__Exercise brief__: The task calls for each line of the records below in which the word "intro" appears.

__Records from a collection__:
________________
lemma xor_independent_Cons:
  "xor_independent (x # xs) \<longleftrightarrow> xor_independent xs \<and> x \<notin> xor_span xs"
proof
  assume indep: "xor_independent (x # xs)"
  have "m = 0" if "m < 2^length xs" "xor_comb xs m = 0" for m
  proof -
    have "xor_comb (x # xs) (2 * m) = 0" "2 * m < 2^length (x # xs)"
      using that by simp_all
    then have "2 * m = 0"
      using indep unfolding xor_independent_def by blast
    then show "m = 0"
      by simp
  qed
  moreover have "x \<noteq> xor_comb xs m" if "m < 2^length xs" for m
  proof
    assume "x = xor_comb xs m"
    then have "xor_comb (x # xs) (2 * m + 1) = 0"
      by simp
    moreover have "2 * m + 1 < 2^length (x # xs)"
      using that by simp
    ultimately show False
      using indep by (auto simp: xor_independent_def)
  qed
  ultimately show "xor_independent xs \<and> x \<notin> xor_span xs"
    by (auto simp: xor_independent_def xor_span_def)
next
  assume indep: "xor_independent xs \<and> x \<notin> xor_span xs"
  show "xor_independent (x # xs)"
    unfolding xor_independent_def
  proof (intro allI impI)
    fix m assume m: "m < 2^length (x # xs)" "xor_comb (x # xs) m = 0"
    have half: "m div 2 < 2^length xs"
      using m(1) by auto
    show "m = 0"
    proof (cases "odd m")
      case True
      then have "x = xor_comb xs (m div 2)"
        using m(2) by (simp add: xor_eq_0_iff_nat)
      then show ?thesis
        using indep half by (auto simp: xor_span_def)
    next
      case False
      then have "xor_comb xs (m div 2) = 0"
        using m(2) by simp
      then show ?thesis
        using False indep half by (auto simp: xor_independent_def)
    qed
  qed
qed

definition independent_lists :: "nat \<Rightarrow> nat \<Rightarrow> nat list set" where
  "independent_lists n k = {xs. length xs = k \<and> set xs \<subseteq> {..<2^n} \<and> xor_independent xs}"

lemma finite_independent_lists: "finite (independent_lists n k)"
  by (rule finite_subset[OF _ finite_lists_length_eq[of "{..<(2::nat)^n}" k]])
    (auto simp: independent_lists_def)

lemma independent_lists_Suc:
  "independent_lists n (Suc k)
     = (\<lambda>(xs, x). x # xs) ` (SIGMA xs:independent_lists n k. {..<2^n} - xor_span xs)"
proof
  show "independent_lists n (Suc k)
      \<subseteq> (\<lambda>(xs, x). x # xs) ` (SIGMA xs:independent_lists n k. {..<2^n} - xor_span xs)"
  proof
    fix ys assume "ys \<in> independent_lists n (Suc k)"
    then obtain x xs where "ys = x # xs" and "(xs, x) \<in> (SIGMA xs:independent_lists n k. {..<2^n} - xor_span xs)"
      by (auto simp: independent_lists_def length_Suc_conv xor_independent_Cons)
    then show "ys \<in> (\<lambda>(xs, x). x # xs) ` (SIGMA xs:independent_lists n k. {..<2^n} - xor_span xs)"
      by force
  qed
qed (auto simp: independent_lists_def xor_independent_Cons)

lemma card_independent_lists: "card (independent_lists n k) = (\<Prod>i<k. 2^n - 2^i)"
proof (induction k)
  case 0
  have "independent_lists n 0 = {[]}"
    by (auto simp: independent_lists_def xor_independent_def)
  then show ?case by simp
next
  case (Suc k)
  have "card (independent_lists n (Suc k))
      = card (SIGMA xs:independent_lists n k. {..<2^n} - xor_span xs)"
    unfolding independent_lists_Suc by (rule card_image) (auto simp: inj_on_def)
  also have "\<dots> = (\<Sum>xs\<in>independent_lists n k. card ({..<2^n} - xor_span xs))"
    by (rule card_SigmaI) (auto simp: finite_independent_lists)
  also have "\<dots> = (\<Sum>xs\<in>independent_lists n k. 2^n - 2^k)"
  proof (rule sum.cong)
    fix xs assume "xs \<in> independent_lists n k"
    then have "xor_span xs \<subseteq> {..<2^n}" "card (xor_span xs) = 2^k"
      by (auto simp: independent_lists_def xor_span_subset card_xor_span)
    then show "card ({..<2^n} - xor_span xs) = 2^n - 2^k"
      by (simp add: card_Diff_subset finite_subset)
  qed simp
  finally show ?case
    using Suc by simp
qed

definition affine_square :: "nat \<Rightarrow> nat list \<Rightarrow> nat \<times> nat \<Rightarrow> nat" where
  "affine_square c xs = restrict
     (\<lambda>p. xor c (xor (xor_comb (take 2 xs) (fst p)) (xor_comb (drop 2 xs) (snd p)))) positions"

lemma mem_positions_iff: "(i, j) \<in> positions \<longleftrightarrow> i < 4 \<and> j < 4"
  by (auto simp: positions_def)

lemma affine_square_eq_xor_comb:
  assumes "length xs = 4" and "(i, j) \<in> positions"
  shows "affine_square c xs (i, j) = xor c (xor_comb xs (i + 4 * j))"
  using assms xor_comb_append[of i "take 2 xs" "drop 2 xs" j]
  by (simp add: affine_square_def mem_positions_iff)

lemma affine_square_in_PiE:
  "c < 2^n \<Longrightarrow> set xs \<subseteq> {..<2^n} \<Longrightarrow> affine_square c xs \<in> positions \<rightarrow>\<^sub>E {..<2^n}"
  using set_take_subset[of 2 xs] set_drop_subset[of 2 xs]
  by (auto simp: affine_square_def intro!: xor_less_power_nat xor_comb_less)

lemma strongly_magic_affine_square: "strongly_magic (affine_square c xs)"
  unfolding strongly_magic_def
proof (intro allI impI, elim conjE)
  fix p1 p2 p3 p4 :: "nat \<times> nat"
  assume "p1 \<in> positions" "p2 \<in> positions" "p3 \<in> positions" "p4 \<in> positions"
    and "xor (xor (xor (fst p1) (fst p2)) (fst p3)) (fst p4) = 0"
    and "xor (xor (xor (snd p1) (snd p2)) (snd p3)) (snd p4) = 0"
  then show "is_quad (affine_square c xs p1) (affine_square c xs p2)
      (affine_square c xs p3) (affine_square c xs p4)"
    unfolding affine_square_def
    by (simp add: is_quad_xor is_quad_const is_quad_xor_comb is_quad_def[symmetric])
qed

lemma bij_betw_positions_index: "bij_betw (\<lambda>(i, j). i + 4 * j) positions {..<16}"
  by (rule bij_betwI[where g = "\<lambda>m. (m mod 4, m div 4)"]) (auto simp: positions_def)

lemma inj_on_affine_square_iff:
  assumes len: "length xs = 4"
  shows "inj_on (affine_square c xs) positions \<longleftrightarrow> xor_independent xs"
proof -
  have index: "inj_on (\<lambda>(i, j). i + 4 * j) positions"
    "(\<lambda>(i, j). i + 4 * j) ` positions = {..<2^length xs}"
    using bij_betw_positions_index len by (simp_all add: bij_betw_def)
  have "inj_on (affine_square c xs) positions
      \<longleftrightarrow> inj_on ((\<lambda>m. xor c (xor_comb xs m)) \<circ> (\<lambda>(i, j). i + 4 * j)) positions"
    by (rule inj_on_cong) (auto simp: affine_square_eq_xor_comb len)
  also have "\<dots> \<longleftrightarrow> inj_on (\<lambda>m. xor c (xor_comb xs m)) {..<2^length xs}"
    using comp_inj_on_iff[OF index(1)] index(2) by metis
  also have "\<dots> \<longleftrightarrow> xor_independent xs"
    by (simp add: xor_independent_iff_inj_on inj_on_def)
  finally show ?thesis .
qed

lemma affine_square_corner: "affine_square c xs (0, 0) = c"
  by (simp add: affine_square_def mem_positions_iff)

lemma affine_square_units:
  assumes "length xs = 4"
  shows "map (\<lambda>p. xor c (affine_square c xs p)) [(1, 0), (2, 0), (0, 1), (0, 2)] = xs"
proof -
  obtain a b d e where "xs = [a, b, d, e]"
    using assms by (auto simp: length_Suc_conv numeral_eq_Suc)
  then show ?thesis
    by (simp add: affine_square_def mem_positions_iff)
qed

lemma inj_on_affine_square_params:
  "inj_on (\<lambda>(c, xs). affine_square c xs) (UNIV \<times> {xs. length xs = 4})"
proof (rule inj_onI, clarify)
  fix c c' :: nat and xs xs' :: "nat list"
  assume "length xs = 4" "length xs' = 4" and "affine_square c xs = affine_square c' xs'"
  then show "c = c' \<and> xs = xs'"
    by (metis affine_square_corner affine_square_units)
qed

lemma strongly_magic_quad_last:
  assumes "strongly_magic Q" and "{p1, p2, p3, p4} \<subseteq> positions" and "distinct [p1, p2, p3, p4]"
    and "is_quad (fst p1) (fst p2) (fst p3) (fst p4)" and "is_quad (snd p1) (snd p2) (snd p3) (snd p4)"
  shows "Q p4 = xor (xor (Q p1) (Q p2)) (Q p3)"
proof -
  have "is_quad (Q p1) (Q p2) (Q p3) (Q p4)"
    using assms unfolding strongly_magic_def is_quad_def by blast
  then show ?thesis
    by (simp add: is_quad_iff_last)
qed

lemma strongly_magic_eq_affine_square:
  assumes magic: "strongly_magic Q" and ext: "Q \<in> extensional positions"
  defines "c \<equiv> Q (0, 0)"
  shows "Q = affine_square c (map (\<lambda>p. xor c (Q p)) [(1, 0), (2, 0), (0, 1), (0, 2)])"
proof -
  have row3: "Q (3, 0) = xor (xor c (Q (1, 0))) (Q (2, 0))"
    and col3: "Q (0, 3) = xor (xor c (Q (0, 1))) (Q (0, 2))"
    unfolding c_def by (rule strongly_magic_quad_last[OF magic]; simp add: is_quad_def mem_positions_iff)+
  have cases4: "i = 0 \<or> i = 1 \<or> i = 2 \<or> i = 3" if "i < 4" for i :: nat
    using that by auto
  have row: "xor_comb [xor c (Q (1, 0)), xor c (Q (2, 0))] i = xor c (Q (i, 0))" if "i < 4" for i
    using cases4[OF that] row3 by (elim disjE) (simp_all add: c_def ac_simps)
  have col: "xor_comb [xor c (Q (0, 1)), xor c (Q (0, 2))] j = xor c (Q (0, j))" if "j < 4" for j
    using cases4[OF that] col3 by (elim disjE) (simp_all add: c_def ac_simps)
  have rect: "Q (i, j) = xor (xor c (Q (i, 0))) (Q (0, j))" if "i < 4" "j < 4" for i j
  proof (cases "i = 0 \<or> j = 0")
    case True
    then show ?thesis
      by (auto simp: c_def ac_simps)
  next
    case False
    then show ?thesis
      unfolding c_def using that
      by (intro strongly_magic_quad_last[OF magic]) (auto simp: is_quad_def mem_positions_iff)
  qed
  show ?thesis
  proof (rule extensionalityI[OF ext])
    show "affine_square c (map (\<lambda>p. xor c (Q p)) [(1, 0), (2, 0), (0, 1), (0, 2)]) \<in> extensional positions"
      by (simp add: affine_square_def)
  next
    fix p assume "p \<in> positions"
    then obtain i j where "p = (i, j)" "i < 4" "j < 4"
      by (auto simp: positions_def)
    then have "Q p = xor c (xor (xor c (Q (i, 0))) (xor c (Q (0, j))))"
      using rect[of i j] by (simp add: ac_simps)
    also have "\<dots> = affine_square c (map (\<lambda>p. xor c (Q p)) [(1, 0), (2, 0), (0, 1), (0, 2)]) p"
      using row col \<open>p = (i, j)\<close> \<open>i < 4\<close> \<open>j < 4\<close> by (simp add: affine_square_def mem_positions_iff)
    finally show "Q p = affine_square c (map (\<lambda>p. xor c (Q p)) [(1, 0), (2, 0), (0, 1), (0, 2)]) p" .
  qed
qed

lemma strongly_magic_quad_squares_eq:
  "{Q \<in> quad_squares n. strongly_magic Q}
     = (\<lambda>(c, xs). affine_square c xs) ` ({..<2^n} \<times> independent_lists n 4)"
proof
  show "(\<lambda>(c, xs). affine_square c xs) ` ({..<2^n} \<times> independent_lists n 4)
      \<subseteq> {Q \<in> quad_squares n. strongly_magic Q}"
    using affine_square_in_PiE
    by (fastforce simp: quad_squares_def independent_lists_def inj_on_affine_square_iff
        strongly_magic_affine_square)
next
  show "{Q \<in> quad_squares n. strongly_magic Q}
      \<subseteq> (\<lambda>(c, xs). affine_square c xs) ` ({..<2^n} \<times> independent_lists n 4)"
  proof (clarify)
    fix Q assume "Q \<in> quad_squares n" and magic: "strongly_magic Q"
    then have range: "Q \<in> positions \<rightarrow>\<^sub>E {..<2^n}" and inj: "inj_on Q positions"
      by (auto simp: quad_squares_def)
    define c where "c = Q (0, 0)"
    define xs where "xs = map (\<lambda>p. xor c (Q p)) [(1, 0), (2, 0), (0, 1), (0, 2)]"
    have "Q \<in> extensional positions"
      using range by (simp add: PiE_iff)
    then have Q: "Q = affine_square c xs"
      unfolding c_def xs_def by (rule strongly_magic_eq_affine_square[OF magic])
    have "Q (i, j) < 2^n" if "i < 4" "j < 4" for i j
      using range that by (auto simp: mem_positions_iff)
    then have "c < 2^n" "set xs \<subseteq> {..<2^n}"
      by (simp_all add: c_def xs_def xor_less_power_nat)
    moreover have "length xs = 4"
      by (simp add: xs_def)
    moreover from this have "xor_independent xs"
      using inj by (simp add: Q inj_on_affine_square_iff)
    ultimately show "Q \<in> (\<lambda>(c, xs). affine_square c xs) ` ({..<2^n} \<times> independent_lists n 4)"
      using Q by (auto simp: independent_lists_def)
  qed
qed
________________
__Solution below__:
  proof (intro allI impI)
  by (auto simp: affine_square_def intro!: xor_less_power_nat xor_comb_less)
proof (intro allI impI, elim conjE)
      by (intro strongly_magic_quad_last[OF magic]) (auto simp: is_quad_def mem_positions_iff)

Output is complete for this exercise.